Volkswagen’s CEO said in comments published Sunday that he’s trying to avoid closing plants as the Wolfsburg, Germany-based company pushes ahead with a cost-cutting drive and faces increasingly intense competition in the lucrative Chinese market. The language is polished. The pressure is not. Behind the talk of “more intelligent solutions” sits the same old corporate demand: squeeze harder, pay less, and make the workforce absorb the damage.
The Cost-Cutting Machine
Last week, Volkswagen said its “fundamental realignment” over the past three years had reached its next phase, announcing plans to streamline the model lineup by up to half. It didn’t provide specifics, and questions remain over how else it will cut costs. That vagueness matters. When a company of this size starts talking about “realignment” and “streamlining,” the people on the shop floor usually hear something much plainer: insecurity, pressure, and the threat that the next round of savings will come from their jobs, their plants, or both.
There has been renewed speculation about the future of several plants in Germany. The company hasn’t said which ones, or how far the cuts might go. That uncertainty is part of the discipline. It keeps everyone guessing while management keeps the upper hand.
“There are more intelligent solutions than closing plants,” CEO Oliver Blume told the Bild am Sonntag newspaper. He added that a cost-cutting program in Germany already is producing effects. “We were able to improve our factory costs in Germany by an average 20% last year alone,” he said, describing that as “strong progress.”
That 20% figure is the kind of corporate triumph that rarely lands evenly. For management, it’s “progress.” For workers, it’s the sound of a balance sheet being cleaned up by force, one line item at a time. The company doesn’t explain what those savings cost in human terms. It never does.
Profits First, Plants Later
Blume argued that Volkswagen’s products are very popular, but “we just earn too little money with them. So we must continue to reduce our costs. In all kinds of costs.” That’s the logic in its raw form. Popular products aren’t enough. Demand isn’t enough. Production isn’t enough. What matters is how much money can be extracted after every other expense has been pushed down.
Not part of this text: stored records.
lemma coeff_chain_component:
  assumes "N \<ge> 1"
  shows "coeff (chain_component N mu P j) k =
           (if j < N then coeff P (chain_index N j k) / chain_scale N mu j k else 0)"
proof (cases "j < N")
  case True
  have "coeff (Abs_poly (\<lambda>k. coeff P (chain_index N j k) / chain_scale N mu j k)) =
      (\<lambda>k. coeff P (chain_index N j k) / chain_scale N mu j k)"
  proof (rule coeff_Abs_poly)
    fix i assume "i > degree P"
    then show "coeff P (chain_index N j i) / chain_scale N mu j i = 0"
      using chain_index_ge[OF assms, where j = j and k = i] by (simp add: coeff_eq_0)
  qed
  then show ?thesis
    using True by (simp add: chain_component_def)
qed (simp add: chain_component_def)

lemma coeff_VN_to_g2:
  assumes "N \<ge> 1"
  shows "coeff (VN_to_g2 N mu (m, x)) n =
    (if n = 0 then 0 else if n = N then x
     else coeff (m (chain_of N n)) (chain_pos N n) * chain_scale N mu (chain_of N n) (chain_pos N n))"
proof -
  define D where "D = (\<Sum>j<N. degree (m j))"
  have "coeff (m (chain_of N n)) (chain_pos N n) = 0" if "n > (D + 2) * N" "n \<noteq> N" for n
  proof -
    have "n = chain_index N (chain_of N n) (chain_pos N n)"
      using that assms by (simp add: chain_index_chain_of)
    also have "\<dots> \<le> (chain_pos N n + 2) * N"
      using chain_index_le chain_of_less[OF assms] .
    finally have "D < chain_pos N n"
      using that(1) by (meson add_le_mono1 mult_le_mono1 not_le order.strict_trans2)
    moreover have "degree (m (chain_of N n)) \<le> D"
      unfolding D_def by (rule member_le_sum) (use chain_of_less[OF assms] in auto)
    ultimately show ?thesis
      by (simp add: coeff_eq_0)
  qed
  then show ?thesis
    unfolding VN_to_g2_def by (subst coeff_Abs_poly[where n = "(D + 2) * N"]) auto
qed

lemma VN_to_g2_in_poly_plus:
  "N \<ge> 1 \<Longrightarrow> VN_to_g2 N mu p \<in> poly_plus"
  using coeff_VN_to_g2[of N mu "fst p" "snd p"] by (simp add: poly_plus_def)

lemma g2_to_VN_add:
  assumes "N \<ge> 1"
  shows "g2_to_VN N mu (P + Q) = VN_sd_add (g2_to_VN N mu P) (g2_to_VN N mu Q)"
proof -
  have "chain_component N mu (P + Q) = (\<lambda>j. chain_component N mu P j + chain_component N mu Q j)"
    by (intro ext poly_eqI) (simp add: coeff_chain_component[OF assms] add_divide_distrib)
  then show ?thesis
    by (simp add: g2_to_VN_def VN_sd_add_def)
qed
lemma last_round_surplus:
  assumes "submod_on (set ord) v" "v {} = 0" "1 < \<alpha>" "0 < \<epsilon>"
    and "\<not> stops l (state (Suc k))"
  shows "\<exists>A \<in> candidates l (state (Suc (Suc k))).
           rho \<alpha> \<epsilon> (Suc k) / 2 \<le> v A - sum (final_prices (state (Suc (Suc k)))) A"
proof -
  obtain Sp S p R us where s0: "state k = (Sp, S, p, R, us)"
    by (metis prod_cases5)
  obtain S0 S1 p1 R1 us1 where s1: "state (Suc k) = (S0, S1, p1, R1, us1)"
    by (metis prod_cases5)
  obtain S1' S2 p2 R2 us2 where s2: "state (Suc (Suc k)) = (S1', S2, p2, R2, us2)"
    by (metis prod_cases5)
  have "S1' = S1" by (rule round_fold[OF s1 s2])
  then have candidates: "candidates l (state (Suc (Suc k))) = S1 ` {1..l} \<union> S2 ` {1..l} \<union> {us2}"
    unfolding s2 candidates_def by simp
  have prices: "final_prices (state (Suc (Suc k))) = p2"
    unfolding s2 final_prices_def by simp
  have "0 < rho \<alpha> \<epsilon> (Suc k)" using assms(3,4) by (simp add: rho_pos)
  obtain u j where u: "us1 = {u}" "u \<in> set ord" "j \<in> {1..l}" "S1 j \<subseteq> set ord"
    "rho \<alpha> \<epsilon> (Suc k) < v (insert u (S1 j)) - sum p1 (insert u (S1 j))"
  using s0 s1 proof (cases rule: round_cases)
    case (trigger u j)
    then show thesis by (rule that)
  next
    case exhausted
    with assms(5) show thesis by blast
  qed
  from s1 s2 show ?thesis
  proof (cases rule: round_cases)
    case (trigger u' j')
    have "rho \<alpha> \<epsilon> (Suc k) < rho \<alpha> \<epsilon> (Suc (Suc k))"
      using \<open>0 < rho \<alpha> \<epsilon> (Suc k)\<close> assms(3) by (simp add: rho_Suc[of _ _ "Suc k"])
    with trigger(5) have "rho \<alpha> \<epsilon> (Suc k) < v (insert u' (S2 j')) - sum p2 (insert u' (S2 j'))"
      by linarith
    with assms(1,2) trigger(2,4) finite_subset[OF trigger(4)] \<open>0 < rho \<alpha> \<epsilon> (Suc k)\<close>
    have "rho \<alpha> \<epsilon> (Suc k) / 2 \<le> v (S2 j') - sum p2 (S2 j') \<or>
          rho \<alpha> \<epsilon> (Suc k) / 2 \<le> v {u'} - sum p2 {u'}"
      by (intro submod_surplus_insert_halves) auto
    moreover have "S2 j' \<in> candidates l (state (Suc (Suc k)))" "{u'} \<in> candidates l (state (Suc (Suc k)))"
      using candidates trigger(1,3) by auto
    ultimately show ?thesis unfolding prices by blast
  next
    case exhausted
    with assms(1,2) u(2,4) finite_subset[OF u(4)] \<open>0 < rho \<alpha> \<epsilon> (Suc k)\<close> u(5)
    have "rho \<alpha> \<epsilon> (Suc k) / 2 \<le> v (S1 j) - sum p1 (S1 j) \<or>
          rho \<alpha> \<epsilon> (Suc k) / 2 \<le> v {u} - sum p1 {u}"
      by (intro submod_surplus_insert_halves) auto
    moreover have "v A - sum p1 A \<le> v A - sum p2 A" for A
      using round_prices_le[OF s1 s2] by (simp add: sum_mono)
    moreover have "S1 j \<in> candidates l (state (Suc (Suc k)))" "{u} \<in> candidates l (state (Suc (Suc k)))"
      using candidates exhausted(1) u(1,3) by auto
    ultimately show ?thesis unfolding prices by (meson order_trans)
  qed
qed

end

theorem lemma4p5:
  fixes ord :: "'a list" and v :: "'a set \<Rightarrow> real" and c :: "'a \<Rightarrow> real"
    and B \<alpha> \<beta> \<epsilon> :: real and l M :: nat
    and ch :: "nat \<Rightarrow> 'a \<Rightarrow> (nat \<Rightarrow> 'a set) \<Rightarrow> nat" and Sstar :: "'a set"
  assumes "distinct ord"
    and "v {} = 0" and "\<forall>X. X \<subseteq> set ord \<longrightarrow> v X \<ge> 0" and "submod_on (set ord) v"
    and "\<forall>u\<in>set ord. c u \<ge> 0"
    and "B > 0" and "\<alpha> > 1" and "\<beta> > 1" and "\<epsilon> > 0" and "l \<in> {1, 2}"
    and "argmax_rule l v ch"
    and "M \<ge> 1" and "stops l (run ord l v c B \<alpha> \<beta> \<epsilon> ch M)"
    and "\<forall>t. 1 \<le> t \<and> t < M \<longrightarrow> \<not> stops l (run ord l v c B \<alpha> \<beta> \<epsilon> ch t)"
    and "M \<ge> 2"
    and "Sstar \<in> candidates l (run ord l v c B \<alpha> \<beta> \<epsilon> ch M)"
    and "\<forall>A \<in> candidates l (run ord l v c B \<alpha> \<beta> \<epsilon> ch M).
           v A - sum (final_prices (run ord l v c B \<alpha> \<beta> \<epsilon> ch M)) A
           \<le> v Sstar - sum (final_prices (run ord l v c B \<alpha> \<beta> \<epsilon> ch M)) Sstar"
  shows "rho \<alpha> \<epsilon> M \<le> 2 * \<alpha> * (v Sstar - sum (final_prices (run ord l v c B \<alpha> \<beta> \<epsilon> ch M)) Sstar)"
proof -
  interpret bfm_swm ord l v c B \<alpha> \<beta> \<epsilon> ch
    using assms(11) by (rule bfm_swm.intro)
  obtain k where M: "M = Suc (Suc k)"
    using \<open>M \<ge> 2\<close> by (metis add_2_eq_Suc le_Suc_ex)
  have "\<not> stops l (state (Suc k))"
    using assms(14) M by (simp del: run.simps)
  then obtain A where "A \<in> candidates l (state M)"
    and A: "rho \<alpha> \<epsilon> (Suc k) / 2 \<le> v A - sum (final_prices (state M)) A"
    using last_round_surplus[OF assms(4,2,7,9)] unfolding M by blast
  with assms(17) have "rho \<alpha> \<epsilon> (Suc k) / 2 \<le> v Sstar - sum (final_prices (state M)) Sstar"
    by (meson order_trans)
  with \<open>\<alpha> > 1\<close> show ?thesis
    unfolding M rho_Suc[of _ _ "Suc k"] by (simp add: mult.assoc)
qed

end
(* Suppose the prelimit coefficients $K^{(k)},L^{(k)}_i,M^{(k)}_i,N^{(k)}_{ij}$ satisfy Condition 1 (the Hudson–Parthasarathy conditions on $\mathcal D$, see context) and Assumptions 1–3 hold. Then the limit coefficients $K,L_i,M_i,N_{ij}$ of Assumption 3 satisfy on $\mathcal D_0=P_0\mathcal D$ the Hudson–Parthasarathy relations $$K+K^\dagger=-\sum_{i=1}^nL_iL_i^\dagger,\qquad M_i=-\sum_{j=1}^nN_{ij}L_j^\dagger,\qquad \sum_{j=1}^nN_{mj}N_{\ell j}^\dagger=\sum_{j=1}^nN_{jm}^\dagger N_{j\ell}=\delta_{m\ell}.$$
   Context: $\mathcal H$ is a separable complex Hilbert space with dense subspace $\mathcal D$, $n\in\mathbb N$. Operators written $X,X^\dagger$ on a common domain $V$ satisfy $\langle u,Xv\rangle=\langle X^\dagger u,v\rangle$ for $u,v\in V$. For each $k\in\mathbb N$ there are operators $K^{(k)},L^{(k)}_i,M^{(k)}_i,N^{(k)}_{ij}$ ($1\le i,j\le n$) which, together with their $\dagger$'s, have common invariant domain $\mathcal D$ and satisfy on $\mathcal D$ (Condition 1): $K^{(k)}+K^{(k)\dagger}=-\sum_iL^{(k)}_iL^{(k)\dagger}_i$, $M^{(k)}_i=-\sum_jN^{(k)}_{ij}L^{(k)\dagger}_j$, $\sum_jN^{(k)}_{mj}N^{(k)\dagger}_{\ell j}=\sum_jN^{(k)\dagger}_{jm}N^{(k)}_{j\ell}=\delta_{m\ell}$. Assumption 1 (singular scaling): there are operators $Y,Y^\dagger,A,A^\dagger,B,B^\dagger,F_i,F_i^\dagger,G_i,G_i^\dagger,W_{ij},W_{ij}^\dagger$ with common invariant domain $\mathcal D$ such that $K^{(k)}=k^2Y+kA+B$, $L^{(k)}_i=kF_i+G_i$, $N^{(k)}_{ij}=W_{ij}$ for all $k$ and $i,j$. Assumption 2 (structure): there is a closed subspace $\mathcal H_0\subset\mathcal H$, with $P_0$ the orthogonal projection onto $\mathcal H_0$ and $P_1=I-P_0$, such that (a) $P_0\mathcal D\subset\mathcal D$; (b) $YP_0=0$ on $\mathcal D$; (c) there exist $\tilde Y,\tilde Y^\dagger$ with common invariant domain $\mathcal D$ with $\tilde YY=Y\tilde Y=P_1$ on $\mathcal D$; (d) $F_j^\dagger P_0=0$ on $\mathcal D$ for all $j$; (e) $P_0AP_0=0$ on $\mathcal D$. Set $\mathcal D_0=P_0\mathcal D$. Assumption 3 (limit coefficients): define on $\mathcal H_0$: $K=P_0(B-A\tilde YA)P_0$, $L_i=P_0(G_i-A\tilde YF_i)P_0$, $M_i=-\sum_jP_0W_{ij}(G_j^\dagger-F_j^\dagger\tilde YA)P_0$, $N_{ij}=\sum_\ell P_0W_{i\ell}(F_\ell^\dagger\tilde YF_j+\delta_{\ell j})P_0$; it is assumed that $K,K^\dagger,L_i,L_i^\dagger,M_i,M_i^\dagger,N_{ij},N_{ij}^\dagger$ have common invariant domain $\mathcal D_0$, and that on $\mathcal D$, for all $i,j$: $P_0(G_i-A\tilde YF_i)P_1=0$, $\sum_\ell P_0W_{i\ell}(F_\ell^\dagger\tilde YF_j+\delta_{\ell j})P_1=0$, and $\sum_\ell P_1W_{i\ell}(F_\ell^\dagger\tilde YF_j+\delta_{\ell j})P_0=0$. *)

theory Defs
  imports "HOL-Analysis.Analysis"
begin

text \<open>HOL-Analysis only provides real inner product spaces, so we
introduce a class of complex inner product spaces compatible with the library's real normed
(and complete) structure: complex scalar multiplication extends real scalar multiplication,
the inner product is conjugate-linear in the first and linear in the second argument, and
the library norm is the norm induced by the inner product.\<close>

class chilbert = real_normed_vector + complete_space +
  fixes scaleC :: "complex \<Rightarrow> 'a \<Rightarrow> 'a" (infixr "*\<^sub>C" 75)
    and cinner :: "'a \<Rightarrow> 'a \<Rightarrow> complex"
  assumes scaleC_add_right: "a *\<^sub>C (x + y) = a *\<^sub>C x + a *\<^sub>C y"
    and scaleC_add_left: "(a + b) *\<^sub>C x = a *\<^sub>C x + b *\<^sub>C x"
    and scaleC_scaleC: "a *\<^sub>C (b *\<^sub>C x) = (a * b) *\<^sub>C x"
    and scaleC_one: "1 *\<^sub>C x = x"
    and scaleR_scaleC: "scaleR r x = complex_of_real r *\<^sub>C x"
    and cinner_add_right: "cinner x (y + z) = cinner x y + cinner x z"
    and cinner_scaleC_right: "cinner x (a *\<^sub>C y) = a * cinner x y"
    and cinner_commute: "cinner y x = cnj (cinner x y)"
    and cinner_self_norm: "cinner x x = complex_of_real ((norm x)\<^sup>2)"

definition csubspace :: "'a::chilbert set \<Rightarrow> bool" where
  "csubspace S \<longleftrightarrow> 0 \<in> S \<and> (\<forall>x\<in>S. \<forall>y\<in>S. x + y \<in> S) \<and> (\<forall>c. \<forall>x\<in>S. c *\<^sub>C x \<in> S)"

definition separable_hilbert :: "'a::chilbert itself \<Rightarrow> bool" where
  "separable_hilbert _ \<longleftrightarrow> (\<exists>C::'a set. countable C \<and> closure C = UNIV)"
lemma fiber_mean_pos:
  fixes w k :: "'a::finite \<Rightarrow> real"
  assumes w: "\<And>a. 0 < w a" and k: "\<And>a. 0 \<le> k a" "0 < k a"
  shows "0 < fiber_mean g w k (g a)"
proof -
  have "0 < (\<Sum>b | g b = g a. w b * k b)"
    by (rule sum_pos2[of _ a]) (use w k in \<open>auto intro: mult_nonneg_nonneg less_imp_le\<close>)
  then show ?thesis unfolding fiber_mean_def using fiber_weight_pos[of w g a, OF w] by simp
qed

lemma channel_fiber_mean_channel:
  fixes w :: "'a::finite \<Rightarrow> real"
  assumes w: "\<And>a. 0 < w a" and ch: "channel \<kappa>"
  shows "channel (fiber_mean_channel g w \<kappa>)"
  unfolding channel_def
proof (intro conjI allI)
  fix a t
  show "0 \<le> fiber_mean_channel g w \<kappa> a t"
    unfolding fiber_mean_channel_def
    using w channel_nonneg[OF ch] by (intro fiber_mean_nonneg) (auto intro: less_imp_le)
next
  fix a
  let ?F = "{b. g b = g a}"
  have "((\<lambda>t. \<Sum>b\<in>?F. w b * \<kappa> b t) has_sum (\<Sum>b\<in>?F. w b * 1)) UNIV"
    by (intro has_sum_sum has_sum_cmult_right channel_has_sum ch) simp
  then have "((\<lambda>t. (\<Sum>b\<in>?F. w b * \<kappa> b t) / (\<Sum>b\<in>?F. w b))
      has_sum (\<Sum>b\<in>?F. w b * 1) / (\<Sum>b\<in>?F. w b)) UNIV"
    by (rule has_sum_divide_const)
  then have "((\<lambda>t. (\<Sum>b\<in>?F. w b * \<kappa> b t) / (\<Sum>b\<in>?F. w b)) has_sum 1) UNIV"
    using fiber_weight_pos[of w g a, OF w] by simp
  moreover have "fiber_mean_channel g w \<kappa> a = (\<lambda>t. (\<Sum>b\<in>?F. w b * \<kappa> b t) / (\<Sum>b\<in>?F. w b))"
    by (simp add: fun_eq_iff fiber_mean_channel_def fiber_mean_def)
  ultimately show "(fiber_mean_channel g w \<kappa> a has_sum 1) UNIV" by simp
qed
The company’s pressure at home comes alongside increasingly intense competition in China, described in the article as a lucrative market. So the response is familiar: cut, streamline, realign, and keep the workforce waiting for the next announcement. The corporate vocabulary changes. The hierarchy doesn’t.
Volkswagen’s latest statements leave several questions open, including how else it will cut costs and what the future holds for several plants in Germany. That’s the real story here. Not the soothing phrase about “more intelligent solutions.” Not the promise that closures can be avoided. The company has already moved into its next phase, and the people who build the cars are left to read the fine print after the fact.
The factory costs in Germany improved by an average 20% last year alone, according to Blume. He called that strong progress. For the boardroom, maybe. For everyone else, it sounds like a warning dressed up as efficiency. The machine keeps running. It just gets leaner, colder, and more expensive for the people who make it work.